■ DATASET ENTRIES

(* Let $\delta\le0.011$ and let $\mathcal{I}$ be a $\delta$-ONI instance with $n$ agents and $|N^1_1|\le n\left(\frac14-\delta\right)/\left(\frac14+\frac\delta3\right)$. Then every agent $i\in N^2$ receives a bag of value at least $\frac34+\delta$ at the end of Algorithm $\mathtt{approxMMS1}(\mathcal{I},\delta)$.
   Context: Instance: agents $[n]$, goods $[m]$, additive valuations; goods with index larger than $m$ are dummy goods of value 0. Ordered: $v_i(1)\ge\dots\ge v_i(m)$ for all $i$. Normalized: every agent $i$ has a partition of the goods into $n$ bundles each of value exactly 1 to $i$. $\alpha$-irreducible: for every $i$, $v_i(1)<\alpha$, $v_i(\{2n-1,2n,2n+1\})<\alpha$, $v_i(\{3n-2,\dots,3n+1\})<\alpha$, $v_i(\{1,2n+1\})<\alpha$. $\delta$-ONI: ordered, normalized, $(3/4+\delta)$-irreducible. $B_k=\{k,2n-k+1\}$ ($k\in[n]$); $N^1=\{i:v_i(B_k)\le1\ \forall k\}$; $N^2=[n]\setminus N^1$; $N^1_1=\{i\in N^1:v_i(2n+1)\ge\frac14-5\delta\}$. Algorithm $\mathtt{approxMMS1}(\mathcal{I},\delta)$: $\alpha=3/4+\delta$, bags $B_1,\dots,B_n$. Phase 1: while some unassigned agent $i$ and unassigned bag $B$ have $v_i(B)\ge\alpha$, assign such $B$ to an agent valuing it at least $\alpha$, choosing an agent of $N^1_1$ whenever one qualifies. Phase 2: process remaining bags one by one; for the current bag $B$, while no unassigned agent values it at least $\alpha$, add an arbitrary unused good with index $>2n$; then assign $B$ to an unassigned agent valuing it at least $\alpha$, preferring $N^1_1$. (If a good must be added but none is left, the algorithm stops.) *)

theory Defs
  imports Main "HOL.Real"
begin

(* Agents are 1..n, goods are 1..m; v i j is the value of good j to agent i.
   Goods with index > m are dummy goods of value 0. *)

definition val :: "(nat \<Rightarrow> nat \<Rightarrow> real) \<Rightarrow> nat \<Rightarrow> nat set \<Rightarrow> real" where
  "val v i S = (\<Sum>j\<in>S. v i j)"

definition valid_instance :: "nat \<Rightarrow> nat \<Rightarrow> (nat \<Rightarrow> nat \<Rightarrow> real) \<Rightarrow> bool" where
  "valid_instance n m v \<longleftrightarrow>
     (\<forall>i\<in>{1..n}. (\<forall>j\<in>{1..m}. 0 \<le> v i j) \<and> (\<forall>j. m < j \<longrightarrow> v i j = 0))"

definition ordered :: "nat \<Rightarrow> nat \<Rightarrow> (nat \<Rightarrow> nat \<Rightarrow> real) \<Rightarrow> bool" where
  "ordered n m v \<longleftrightarrow>
     (\<forall>i\<in>{1..n}. \<forall>j k. 1 \<le> j \<longrightarrow> j \<le> k \<longrightarrow> k \<le> m \<longrightarrow> v i k \<le> v i j)"

definition normalized :: "nat \<Rightarrow> nat \<Rightarrow> (nat \<Rightarrow> nat \<Rightarrow> real) \<Rightarrow> bool" where
  "normalized n m v \<longleftrightarrow>
     (\<forall>i\<in>{1..n}. \<exists>P :: nat \<Rightarrow> nat set.
        (\<Union>j\<in>{1..n}. P j) = {1..m} \<and>
        (\<forall>j\<in>{1..n}. \<forall>j'\<in>{1..n}. j \<noteq> j' \<longrightarrow> P j \<inter> P j' = {}) \<and>
        (\<forall>j\<in>{1..n}. val v i (P j) = 1))"

definition irreducible :: "nat \<Rightarrow> (nat \<Rightarrow> nat \<Rightarrow> real) \<Rightarrow> real \<Rightarrow> bool" where
  "irreducible n v \<alpha> \<longleftrightarrow>
     (\<forall>i\<in>{1..n}. v i 1 < \<alpha> \<and>
        val v i {2*n-1, 2*n, 2*n+1} < \<alpha> \<and>
        val v i {3*n-2..3*n+1} < \<alpha> \<and>
        val v i {1, 2*n+1} < \<alpha>)"

definition ONI :: "nat \<Rightarrow> nat \<Rightarrow> (nat \<Rightarrow> nat \<Rightarrow> real) \<Rightarrow> real \<Rightarrow> bool" where
  "ONI n m v \<delta> \<longleftrightarrow> valid_instance n m v \<and> ordered n m v \<and> normalized n m v \<and>
     irreducible n v (3/4 + \<delta>)"

definition Bk :: "nat \<Rightarrow> nat \<Rightarrow> nat set" where
  "Bk n k = {k, 2*n - k + 1}"

definition N1 :: "nat \<Rightarrow> (nat \<Rightarrow> nat \<Rightarrow> real) \<Rightarrow> nat set" where
  "N1 n v = {i\<in>{1..n}. \<forall>k\<in>{1..n}. val v i (Bk n k) \<le> 1}"

definition N2 :: "nat \<Rightarrow> (nat \<Rightarrow> nat \<Rightarrow> real) \<Rightarrow> nat set" where
  "N2 n v = {1..n} - N1 n v"

definition N11 :: "nat \<Rightarrow> (nat \<Rightarrow> nat \<Rightarrow> real) \<Rightarrow> real \<Rightarrow> nat set" where
  "N11 n v \<delta> = {i\<in>N1 n v. 1/4 - 5*\<delta> \<le> v i (2*n+1)}"

(* State of approxMMS1: contents of bag k (k in 1..n), owner of bag k,
   phase flag (False = Phase 1, True = Phase 2), current bag in Phase 2. *)
record st =
  bag :: "nat \<Rightarrow> nat set"
  own :: "nat \<Rightarrow> nat option"
  ph2 :: bool
  cur :: "nat option"

definition init :: "nat \<Rightarrow> st" where
  "init n = \<lparr>bag = Bk n, own = (\<lambda>_. None), ph2 = False, cur = None\<rparr>"

definition assigned :: "nat \<Rightarrow> st \<Rightarrow> nat \<Rightarrow> bool" where
  "assigned n s a \<longleftrightarrow> (\<exists>k\<in>{1..n}. own s k = Some a)"

definition eligible :: "nat \<Rightarrow> (nat \<Rightarrow> nat \<Rightarrow> real) \<Rightarrow> real \<Rightarrow> st \<Rightarrow> nat \<Rightarrow> nat \<Rightarrow> bool" where
  "eligible n v \<delta> s k a \<longleftrightarrow>
     a \<in> {1..n} \<and> \<not> assigned n s a \<and> 3/4 + \<delta> \<le> val v a (bag s k) \<and>
     (a \<in> N11 n v \<delta> \<or>
      \<not> (\<exists>b\<in>N11 n v \<delta>. \<not> assigned n s b \<and> 3/4 + \<delta> \<le> val v b (bag s k)))"

(* one (nondeterministic) step of approxMMS1(I, delta) *)
inductive step :: "nat \<Rightarrow> nat \<Rightarrow> (nat \<Rightarrow> nat \<Rightarrow> real) \<Rightarrow> real \<Rightarrow> st \<Rightarrow> st \<Rightarrow> bool"
  for n m v \<delta> where
  phase1_assign:
    "\<lbrakk>\<not> ph2 s; k \<in> {1..n}; own s k = None; eligible n v \<delta> s k a\<rbrakk>
     \<Longrightarrow> step n m v \<delta> s (s\<lparr>own := (own s)(k := Some a)\<rparr>)"
| to_phase2:
    "\<lbrakk>\<not> ph2 s;
      \<not> (\<exists>k\<in>{1..n}. \<exists>a\<in>{1..n}. own s k = None \<and> \<not> assigned n s a \<and>
            3/4 + \<delta> \<le> val v a (bag s k))\<rbrakk>
     \<Longrightarrow> step n m v \<delta> s (s\<lparr>ph2 := True\<rparr>)"
| phase2_pick:
    "\<lbrakk>ph2 s; cur s = None; k \<in> {1..n}; own s k = None\<rbrakk>
     \<Longrightarrow> step n m v \<delta> s (s\<lparr>cur := Some k\<rparr>)"
| phase2_add:
    "\<lbrakk>ph2 s; cur s = Some k;
      \<not> (\<exists>a\<in>{1..n}. \<not> assigned n s a \<and> 3/4 + \<delta> \<le> val v a (bag s k));
      2*n < g; g \<le> m; g \<notin> (\<Union>j\<in>{1..n}. bag s j)\<rbrakk>
     \<Longrightarrow> step n m v \<delta> s (s\<lparr>bag := (bag s)(k := insert g (bag s k))\<rparr>)"
| phase2_assign:
    "\<lbrakk>ph2 s; cur s = Some k; eligible n v \<delta> s k a\<rbrakk>
     \<Longrightarrow> step n m v \<delta> s (s\<lparr>own := (own s)(k := Some a), cur := None\<rparr>)"

end

theory Submission
  imports Defs
begin

(* Fix an agent i of N^2 and suppose she is still unassigned when approxMMS1 stops. Then the
   algorithm is stuck in Phase 2 on a bag worth less than alpha = 3/4 + delta to her, all goods
   beyond 2n have been placed, and every other bag B is worth at most
   max (v_i(B_k), alpha + v_i(2n+1)) to her: either B = B_k, or B lost its last added good
   g > 2n and was then worth less than alpha to every unassigned agent. So the goods would be
   worth less than n to i, contradicting normalization, once we know that
   sum_k max (v_i(B_k), alpha + v_i(2n+1)) <= n whenever some B_k is worth more than 1.
   For that bound let lo and hi be the first and last such k. The goods 1..hi lie in distinct
   parts of i's MMS partition and the 2(n-hi)+1 goods hi+1..2n-hi+1 lie in the n-hi remaining
   parts, so by pigeonhole v_i(2n-hi+1) <= 1/3. The bags B_lo..B_hi are paid for by the rest of
   the parts containing lo..hi, and the bags B_k with k > hi by the remaining parts. *)

lemma sum_mirror:
  fixes f :: "nat \<Rightarrow> 'a::comm_monoid_add"
  assumes "a \<le> N" and "b \<le> N"
  shows "(\<Sum>k=a..b. f (N - k + 1)) = sum f {N - b + 1..N - a + 1}"
  by (rule sum.reindex_bij_witness[of _ "\<lambda>j. N + 1 - j" "\<lambda>k. N - k + 1"]) (use assms in auto)

lemma sum_Union_plus_slack_le:
  fixes f :: "'b \<Rightarrow> real" and A B :: "'a \<Rightarrow> 'b set"
  assumes "finite I" and "\<And>i. i \<in> I \<Longrightarrow> finite (B i)" and "\<And>i. i \<in> I \<Longrightarrow> A i \<subseteq> B i"
    and "\<And>i j. i \<in> I \<Longrightarrow> j \<in> I \<Longrightarrow> i \<noteq> j \<Longrightarrow> A i \<inter> A j = {}"
    and "\<And>i b. i \<in> I \<Longrightarrow> b \<in> B i \<Longrightarrow> 0 \<le> f b"
    and "\<And>i. i \<in> I \<Longrightarrow> t \<le> sum f (B i)" and "0 \<le> t"
  shows "sum f (\<Union>i\<in>I. A i) + t * (card I - card (\<Union>i\<in>I. A i)) \<le> (\<Sum>i\<in>I. sum f (B i))"
proof -
  define J where "J = {i\<in>I. A i \<noteq> {}}"
  have J: "J \<subseteq> I" "finite J" using assms(1) by (auto simp: J_def)
  have finA: "finite (A i)" if "i \<in> I" for i
    using assms(2,3) that by (meson finite_subset)
  have union: "(\<Union>i\<in>I. A i) = (\<Union>i\<in>J. A i)" by (auto simp: J_def)
  have disj: "\<forall>i\<in>J. \<forall>j\<in>J. i \<noteq> j \<longrightarrow> A i \<inter> A j = {}" using assms(4) J(1) by blast
  have "card J = (\<Sum>i\<in>J. 1)" by simp
  also have "\<dots> \<le> (\<Sum>i\<in>J. card (A i))"
    using finA J(1) by (intro sum_mono) (auto simp: J_def Suc_le_eq card_gt_0_iff)
  also have "\<dots> = card (\<Union>i\<in>I. A i)"
    unfolding union using finA J by (intro card_UN_disjoint[symmetric] disj) auto
  finally have cardJ: "card J \<le> card (\<Union>i\<in>I. A i)" .
  have "sum f (\<Union>i\<in>I. A i) = (\<Sum>i\<in>J. sum f (A i))"
    unfolding union using finA J by (intro sum.UNION_disjoint disj) auto
  also have "\<dots> \<le> (\<Sum>i\<in>J. sum f (B i))"
    using assms(2,3,5) J(1) by (intro sum_mono sum_mono2) blast+
  finally have sumJ: "sum f (\<Union>i\<in>I. A i) \<le> (\<Sum>i\<in>J. sum f (B i))" .
  have "t * (card I - card (\<Union>i\<in>I. A i)) \<le> t * card (I - J)"
    using cardJ J assms(7) by (intro mult_left_mono) (auto simp: card_Diff_subset)
  also have "\<dots> \<le> (\<Sum>i\<in>I - J. sum f (B i))"
    using sum_bounded_below[of "I - J" t "\<lambda>i. sum f (B i)"] assms(6) by (simp add: mult.commute)
  finally show ?thesis
    using sumJ sum.subset_diff[OF J(1) assms(1), of "\<lambda>i. sum f (B i)"] by simp
qed

section \<open>The counting bound for an agent of N2\<close>

(* w is one agent's valuation and P her normalized MMS partition of the goods 1..m. *)
locale ordered_partition =
  fixes n m :: nat and w :: "nat \<Rightarrow> real" and P :: "nat \<Rightarrow> nat set"
  assumes nonneg: "1 \<le> j \<Longrightarrow> 0 \<le> w j"
    and antimono: "1 \<le> j \<Longrightarrow> j \<le> k \<Longrightarrow> w k \<le> w j"
    and zero_beyond: "m < j \<Longrightarrow> w j = 0"
    and parts_cover: "(\<Union>p\<in>{1..n}. P p) = {1..m}"
    and parts_disjoint: "p \<in> {1..n} \<Longrightarrow> q \<in> {1..n} \<Longrightarrow> p \<noteq> q \<Longrightarrow> P p \<inter> P q = {}"
    and parts_value: "p \<in> {1..n} \<Longrightarrow> sum w (P p) = 1"
begin

lemma part_subset: "p \<in> {1..n} \<Longrightarrow> P p \<subseteq> {1..m}"
  unfolding parts_cover[symmetric] by (rule UN_upper)

lemma finite_part: "p \<in> {1..n} \<Longrightarrow> finite (P p)"
  using part_subset finite_subset by fastforce

definition part :: "nat \<Rightarrow> nat" where
  "part j = (SOME p. p \<in> {1..n} \<and> j \<in> P p)"

lemma part_spec: "j \<in> {1..m} \<Longrightarrow> part j \<in> {1..n} \<and> j \<in> P (part j)"
  unfolding part_def parts_cover[symmetric] by (rule someI_ex) (simp add: Bex_def)

lemma part_eqI:
  assumes "p \<in> {1..n}" and "j \<in> P p"
  shows "part j = p"
proof -
  have "part j \<in> {1..n}" "j \<in> P (part j)" using part_spec assms part_subset by blast+
  then show ?thesis using assms parts_disjoint by blast
qed

lemma sum_Union_parts: "Q \<subseteq> {1..n} \<Longrightarrow> sum w (\<Union>p\<in>Q. P p) = card Q"
proof -
  assume Q: "Q \<subseteq> {1..n}"
  have "sum w (\<Union>p\<in>Q. P p) = (\<Sum>p\<in>Q. sum w (P p))"
  proof (rule sum.UNION_disjoint)
    show "finite Q" using Q finite_subset by blast
    show "\<forall>p\<in>Q. finite (P p)" using Q finite_part by blast
    show "\<forall>p\<in>Q. \<forall>q\<in>Q. p \<noteq> q \<longrightarrow> P p \<inter> P q = {}" using Q parts_disjoint by blast
  qed
  also have "\<dots> = (\<Sum>p\<in>Q. 1)" using Q parts_value by (intro sum.cong) auto
  also have "\<dots> = card Q" by simp
  finally show ?thesis .
qed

■ TASK GOAL
All of the lines above that carry the string "rbrakk" need to be found and copied.

■ YOUR SOLUTION
    "\<lbrakk>\<not> ph2 s; k \<in> {1..n}; own s k = None; eligible n v \<delta> s k a\<rbrakk>
            3/4 + \<delta> \<le> val v a (bag s k))\<rbrakk>
    "\<lbrakk>ph2 s; cur s = None; k \<in> {1..n}; own s k = None\<rbrakk>
      2*n < g; g \<le> m; g \<notin> (\<Union>j\<in>{1..n}. bag s j)\<rbrakk>
    "\<lbrakk>ph2 s; cur s = Some k; eligible n v \<delta> s k a\<rbrakk>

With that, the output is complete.